Parents I considered hopelessly oppressive freely allowed me to venture downtown to attend the amazing presentations of the Washington Performing Arts Society. I often told Patrick Hayes of the impact that seeing “Daniel and the Lions Den” or the Prague Madrigal Singers had on my heart (and soul). At the Library of Congress, I became a regular attendee of Alfred Deller’s occasional appearances, eventually hanging around backstage. “Who was the greatest of all these composers from before?”
“Josquin Desprez,” he told me. “You’ll never be sorry for investing time with him,” and I never have.
The endless stretch of time from that moment to my first radio job (ok, only seven years—but as we all know, those years from 18 to 25 are the times we measure in dog years) led to finally joining a public radio station in 1975. At WJCT in Jacksonville, Florida, an unlikely program called “Musica Antiqua” began, and even though I did not host it for more than six months, it continued on air there for 25 years.
That was the name I first brought before the then-music director of WETA, Martin Goldsmith, in 1978. There were two programs he already had going then: his own “Tudors and Stewarts,” and NPR’s “Cathedral, Courts, and Countryside.” So, the music was in the air, as it were. The first special was ninety minutes allowed at 11:30 p.m. during Easter evening before sign off. I chose mostly chant for the season, since that was the most neglected form of early music then broadcast (although that which received the highest record sales!).
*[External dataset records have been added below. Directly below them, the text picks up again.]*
theorem theorem2:
  fixes V :: "'v set" and Rv :: "'v \<Rightarrow> 'r set" and T :: "('v \<times> 'v) set" and rt :: 'v
    and \<delta> :: real and B :: "'v set set" and l :: nat
  assumes finV: "finite V"
    and finR: "\<forall>v\<in>V. finite (Rv v)"
    and tree: "rooted_tree V T rt"
    and subtree: "\<forall>r\<in>recs Rv V. connected_in T {v \<in> V. r \<in> Rv v}"
    and delta: "0 < \<delta>" "\<delta> \<le> 1"
    and run: "lyresplit \<delta> T Rv V 0 B l"
  shows "\<Union>B = V \<and> (\<forall>X\<in>B. X \<noteq> {}) \<and> (\<forall>X\<in>B. \<forall>Y\<in>B. X \<noteq> Y \<longrightarrow> X \<inter> Y = {})
    \<and> real (\<Sum>X\<in>B. card (recs Rv X)) \<le> (1 + \<delta>) ^ l * real (card (recs Rv V))
    \<and> (1 / real (card V)) * (\<Sum>X\<in>B. real (card X) * real (card (recs Rv X)))
        \<le> (1 / \<delta>) * (real (num_edges Rv V) / real (card V))"
proof -
  have "partition_on V B" using run by (rule lyresplit_partition_on)
  hence partition: "\<Union>B = V \<and> (\<forall>X\<in>B. X \<noteq> {}) \<and> (\<forall>X\<in>B. \<forall>Y\<in>B. X \<noteq> Y \<longrightarrow> X \<inter> Y = {})"
    by (auto simp: partition_on_def disjoint_def)
  have storage: "real (\<Sum>X\<in>B. card (recs Rv X)) \<le> (1 + \<delta>) ^ l * real (card (recs Rv V))"
    using lyresplit_storage_cost[OF run tree finV finR subtree] delta
      rooted_tree_connected_in[OF tree] by simp
  have "(1 / real (card V)) * (\<Sum>X\<in>B. real (card X) * real (card (recs Rv X)))
      \<le> (1 / real (card V)) * (real (num_edges Rv V) / \<delta>)"
    using lyresplit_checkout_cost[OF run finV] by (intro mult_left_mono) auto
  also have "\<dots> = (1 / \<delta>) * (real (num_edges Rv V) / real (card V))" by simp
  finally show ?thesis using partition storage by blast
qed

end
Occasional specials followed, and with Easter 1980, a regular program began. Since an ensemble already existed in town called Musica Antiqua, their director informed me early on I needed another name. That process gave birth to the summation of what the program is and was: “The sources and mainstreams of European music for the thousand years before the birth of Bach: a Millennium of Music.”
THE TOP 5 SHOWS IN MoM’S HISTORY:
1). CHANT—While the program had often used performances by the monks of Santo Domingo de Silos, the packaging put them (and chant in general) on the map. My only Platinum Disc then, or ever.
2). SONGS OF THE SIBYLS—Reconstructions of the predictions of the ancient mystical women who advised Caesars and poets, this pre-Christian expression kept alive in Christianity’s early years was hair-raisingly reconstructed by the Hesperion XX ensemble—popular enough for the ensemble to produce three sequels..
3). ANGEL’S VISIT—Norwegian feminist icon Anne-Lise Berntsen reconstructing late medieval and renaissance Nordic folksong in an ancient church with a contemporary organist-composer…as unlikely, and fabulous, as it sounds.
4). TOP 10 EARLY MUSIC RECORDINGS—From 1986 until 2001, Fr. Jerome Weber of Fanfare and Goldberg magazines would chose the best discs of the year, from chant to early baroque—record companies noted a jump in sales from 10 to 15% overnight.
5). SERVICES FOM A DALMATIAN CATHEDRAL—The 2002 Utrecht Festival featured a series of performances from ancient Croatia that were heart-rending and soul-expanding—in this ancient crossroads of empire, everything from east and west was poured into a musical mosaic that truly sounds like nothing else.
- An article by Robert Aubry Davis printed in the WETA magazine, Washington, D.C.